I shake my head. “I’m sorry. I can’t. I’m done pretending. Seeing you and not being with you . . . it would be torture. It’s too uncertain—”
“That’s living, Sam. It’s always uncertain.”
I close my eyes, squeeze them until I see bursts of color in the blackness. “Hadley, please . . .”
Her hands tighten on mine. “So maybe we don’t call it friends, or the middle, or that scary, gray in-between place. But I need time, Sam. I need time to figure this out for myself. To get to know my parents again. To figure out where I am in my own life.”
I nod, biting my lip to keep from saying anything else. I know she’s right. Same as Hadley, I need to get used to my family the way it is now, not the way it’s been or the way I hoped it would be. I need time too.

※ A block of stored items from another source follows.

lemma tridiag_left_eigenvector:
  fixes Y :: "'a::field mat"
  assumes Y: "hollow_tridiagonal (d+1) Y"
    and b: "\<And>i. i < d \<Longrightarrow> Y $$ (i, i + 1) \<noteq> 0" and c: "\<And>i. i < d \<Longrightarrow> Y $$ (i + 1, i) \<noteq> 0"
    and \<beta>: "\<And>i. i \<le> d \<Longrightarrow> (\<Sum>j<d+1. \<beta> j * Y $$ (j, i)) = \<theta> * \<beta> i"
    and \<alpha>: "\<And>i. i < d \<Longrightarrow> tridiag_mult_vec d Y \<alpha> i = \<theta> * \<alpha> i" and \<alpha>0: "\<alpha> 0 = 1"
    and j: "j \<le> d"
  shows "\<beta> j = \<beta> 0 * tridiag_weight Y j * \<alpha> j"
proof -
  let ?k = "tridiag_weight Y"
  define g where "g j = \<beta> j / ?k j" for j
  have \<beta>_eq: "\<beta> j = ?k j * g j" if "j \<le> d" for j
    using tridiag_weight_nonzero[OF b c that] by (simp add: g_def)
  have "tridiag_mult_vec d Y g i = \<theta> * g i" if "i < d" for i
  proof -
    have "?k i * tridiag_mult_vec d Y g i = (\<Sum>j<d+1. ?k j * g j * Y $$ (j, i))"
      using tridiag_weight_left_mult[OF Y c] that by simp
    also have "\<dots> = (\<Sum>j<d+1. \<beta> j * Y $$ (j, i))"
      using \<beta>_eq by (intro sum.cong) auto
    also have "\<dots> = ?k i * (\<theta> * g i)"
      using \<beta>[of i] \<beta>_eq[of i] that by simp
    finally show ?thesis
      using tridiag_weight_nonzero[OF b c, of i] that by simp
  qed
  from tridiag_eigenvector_unique[OF b this \<alpha> \<alpha>0 j]
  have "g j = \<beta> 0 * \<alpha> j" by (simp add: g_def)
  then show ?thesis
    using \<beta>_eq[OF j] by simp
qed

lemma tridiag_relation_left_to_right:
  fixes Y :: "'a::field mat"
  assumes Y: "hollow_tridiagonal (d+1) Y"
    and b: "\<And>i. i < d \<Longrightarrow> Y $$ (i, i + 1) \<noteq> 0" and c: "\<And>i. i < d \<Longrightarrow> Y $$ (i + 1, i) \<noteq> 0"
    and \<beta>: "\<And>j. j \<le> d \<Longrightarrow> \<beta> j = \<beta> 0 * tridiag_weight Y j * \<alpha> j" and "\<beta> 0 \<noteq> 0"
    and rel: "(\<Sum>j<d+1. f j * \<beta> j * Y $$ (j, i)) = r * \<beta> i" and i: "i \<le> d"
  shows "tridiag_mult_vec d Y (\<lambda>j. f j * \<alpha> j) i = r * \<alpha> i"
proof -
  have "\<beta> 0 * (tridiag_weight Y i * (r * \<alpha> i)) = (\<Sum>j<d+1. f j * \<beta> j * Y $$ (j, i))"
    using rel \<beta>[OF i] by (simp add: mult_ac)
  also have "\<dots> = \<beta> 0 * (\<Sum>j<d+1. tridiag_weight Y j * (f j * \<alpha> j) * Y $$ (j, i))"
    unfolding sum_distrib_left
  proof (intro sum.cong refl)
    fix j assume "j \<in> {..<d+1}"
    then have "\<beta> j = \<beta> 0 * tridiag_weight Y j * \<alpha> j" by (intro \<beta>) auto
    then show "f j * \<beta> j * Y $$ (j, i) = \<beta> 0 * (tridiag_weight Y j * (f j * \<alpha> j) * Y $$ (j, i))"
      by (simp add: mult_ac)
  qed
  also have "\<dots> = \<beta> 0 * (tridiag_weight Y i * tridiag_mult_vec d Y (\<lambda>j. f j * \<alpha> j) i)"
    by (simp only: tridiag_weight_left_mult[OF Y c i])
  finally show ?thesis
    using \<open>\<beta> 0 \<noteq> 0\<close> tridiag_weight_nonzero[OF b c i] by simp
qed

But I don’t want time. I want to do all that with Hadley.
I meet her gaze, watch her search mine, imploring me to understand why she’s asking this of me, of herself. I let my eyes have their fill of her features, not knowing the next time I’ll get to look at her like this, so close and soft and beautiful.
I breathe in, breathe out, searching for Better—or at least the belief in it. Looking at Hadley, I can tell something has changed in her. It’s in the gentle set of her shoulders and clear glance of her eyes. She believes in Better.
“Sam.”
I close my eyes and pull her arms around my neck. I let her voice, wrapped in my name, fill me up. I let the feel of her fingers curling into my hair transfer some of the hope I see in her eyes. I let Hadley hurtle me forward, even as I feel her pulling back.
“Don’t,” I say, tightening my grip on her. “We don’t have to do this.”
“Do what?”
“Say goodbye.” She sighs and sort of sinks against me, so I keep talking. Anything to keep her here as long as I can. “This is just you and me, remember? You said that to me, right here on this hill. Hadley and Sam. No last names. We can just be here. We can just be us.”
Chapter Thirty-four
Hadley
Infinite images, poetry and light, flood my mind with Sam’s plea. I’m drowning in them. Or maybe they’re drowning in me. Like Livy’s photographs of us, all soft lines and possibility.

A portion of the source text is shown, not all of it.